3. Computational and data cyberinfrastructure to support multiscale modeling

In parallel to efforts focusing attention on the needs and the benefits of multiscale modeling, tremendous national and international investments have already been made to develop and deploy a cyberinfrastructure that will revolutionize the conduct of science.34 This cyberinfrastructure consists of distributed computational, data storage, observational, and visualization resources, including human resources, connected by a network infrastructure and a software layer (middleware), that will “bring access of resources (at one end) to researchers (at another) and allow researchers to conduct team science as part of normal conduct of science 35, in an end-to-end cyberinfrastructure.” Cyberinfrastructure, and grid, are often used interchangeably.36

The necessary grid infrastructure to support the multiscale modeling community remains to be defined through an iterative process with ongoing interactions between scientists and infrastructure developers. There has been significant progress in the development of the networks and physical resources that are the fabric of the grid.37 However, the middleware layer, which connects the fabric with the users and applications, is still in a state of flux. To increase the usability and decrease the cost of entry of the grid, new programming models or application execution environments are being developed, and sometimes these are referred to as grid application-level tools.38 These tools are designed to be built on top of the grid software infrastructure. They are generic, easy to use and shield the users from changes in underlying architecture.

An “end-to-end” cyberinfrastructure for multiscale modeling needs to have the capability to handle the representative data commonly encountered in MSM, by representative users who need to accomplish tasks that are representative of the nature of MSM research and development. The scientific drivers for multiscale modeling at NBCR are diverse and span the scale from subatomic electron charge density flows in development of better photodynamic therapies 39, to cellular and whole heart physiology modeling,1 with information integration technology providing the mediator necessary for interoperability. All these projects drive the development and integration effort we are leading to provide the cyberinfrastructure necessary and required for the research objectives to be met.
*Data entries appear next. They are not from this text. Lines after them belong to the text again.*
(*
  Write \<chi> = \<psi> \<circ> \<phi>. Pushing formal sums forward along \<phi> maps the kernel of
  m\<^sub>A/m\<^sub>A\<^sup>2 \<otimes> L\<^sub>C \<rightarrow> m\<^sub>C/m\<^sub>C\<^sup>2 onto the kernel of m\<^sub>B/m\<^sub>B\<^sup>2 \<otimes> L\<^sub>C \<rightarrow> m\<^sub>C/m\<^sub>C\<^sup>2, because the
  surjective local map \<phi> maps m\<^sub>A onto m\<^sub>B. Hence rd \<chi> = dim W + rd \<psi>, where W is the
  kernel of this surjection.

  Modulo the relations, W is spanned by the symbols x \<otimes> c with \<phi> x = 0 together with the
  base change \<psi> \<circ> s of the kernel of m\<^sub>A/m\<^sub>A\<^sup>2 \<otimes> L\<^sub>B \<rightarrow> m\<^sub>B/m\<^sub>B\<^sup>2; the former lie in the span
  of the latter, since x \<otimes> 1 is in the kernel for \<phi>. A minimal generating set of the
  kernel for \<phi> stays independent after base change: extend it to a basis of
  m\<^sub>A/m\<^sub>A\<^sup>2 \<otimes> L\<^sub>B and test with its coordinate functionals composed with \<psi>.
  So dim W = rd \<phi>.

  Vector spaces are handled through representatives: the dimension of V/R over the residue
  field is the minimal number of generators of V modulo R.
*)
theory Submission
  imports Defs "HOL-Library.Function_Algebras"
begin

section \<open>Ideals, local rings and ring homomorphisms\<close>

lemma ideal_zero: "is_ideal I \<Longrightarrow> 0 \<in> I"
  by (simp add: is_ideal_def)

lemma ideal_add: "is_ideal I \<Longrightarrow> x \<in> I \<Longrightarrow> y \<in> I \<Longrightarrow> x + y \<in> I"
  by (simp add: is_ideal_def)

lemma ideal_mult_left: "is_ideal I \<Longrightarrow> x \<in> I \<Longrightarrow> r * x \<in> I"
  by (simp add: is_ideal_def)

lemma ideal_mult_right: "is_ideal I \<Longrightarrow> x \<in> I \<Longrightarrow> x * r \<in> I"
  by (metis ideal_mult_left mult.commute)
theory Submission
  imports Defs
begin

text \<open>
  Vandermonde's convolution factors the Hankel matrix \<open>(C(k+i+j, m))\<close> as the Pascal matrix
  \<open>(C(i, a))\<close> times \<open>B = (C(k+j, m-a))\<close>. With \<open>s = m-r+1\<close>, row \<open>a\<close> of \<open>B\<close> carries the factor
  \<open>1 / C(m-a, s)\<close> and column \<open>j\<close> the factor \<open>C(k+j, s)\<close>; what is left, \<open>(C(k-s+j, r-1-a))\<close>,
  is an anti-triangular matrix with unit antidiagonal times the transposed Pascal matrix. Hence
  \<open>d_k(m,r) = (-1)^(r choose 2) <k, s>_r\<close>, and the series of the \<open>d_k\<close> is \<open>\<plusminus>x^s\<close> times that
  of \<open><k+s, s>_r\<close>.

  The degree bound: \<open>k \<mapsto> <k+s, s>_r\<close> is a polynomial of degree at most \<open>rs\<close> vanishing at
  \<open>-1, \<dots>, -(r+s-1)\<close>. Multiplying its series of values by \<open>1 - x\<close> takes a backward difference,
  which lowers the degree and keeps all roots but one, so \<open>(1-x)^(rs+1)\<close> leaves no coefficient
  beyond \<open>rs - (r+s-1) = (r-1)(s-1)\<close>.
\<close>

section \<open>Hankel determinants of binomial coefficients\<close>

lemma det_scale_rows:
  fixes A :: "'a::comm_ring_1 mat"
  assumes A: "A \<in> carrier_mat n n"
  shows "det (mat n n (\<lambda>(i,j). c i * A $$ (i,j))) = prod c {0..<n} * det A"
proof -
  have "det (mat n n (\<lambda>(i,j). c i * A $$ (i,j))) =
     (\<Sum>p \<in> {p. p permutes {0..<n}}. signof p * (\<Prod>i = 0..<n. c i * A $$ (i, p i)))"
    by (subst det_def'[of _ n]) (auto intro!: sum.cong prod.cong dest: permutes_in_image)
  also have "\<dots> = (\<Sum>p \<in> {p. p permutes {0..<n}}. prod c {0..<n} * (signof p * (\<Prod>i = 0..<n. A $$ (i, p i))))"
    by (auto intro!: sum.cong simp: prod.distrib)
  also have "\<dots> = prod c {0..<n} * det A"
    by (simp add: det_def'[OF A] sum_distrib_left)
  finally show ?thesis .
qed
In addition, NBCR works closely with other projects at UCSD, such as NCMIR, BIRN,40 CAMERA,41 Optiputer,42 JCSG,43 and establishes important collaborations with national projects such as TeraGrid,44 Open Science Grid,45 as well as international projects such as PRAGMA46 and OMII.47

Figure 5

Figure 5. Selected Components of NBCR Software Service Stack. Colored blocks and arrows indicate possible routes for distributed job execution. The different green shades show possible routes to access physical computational resources, and the arrows.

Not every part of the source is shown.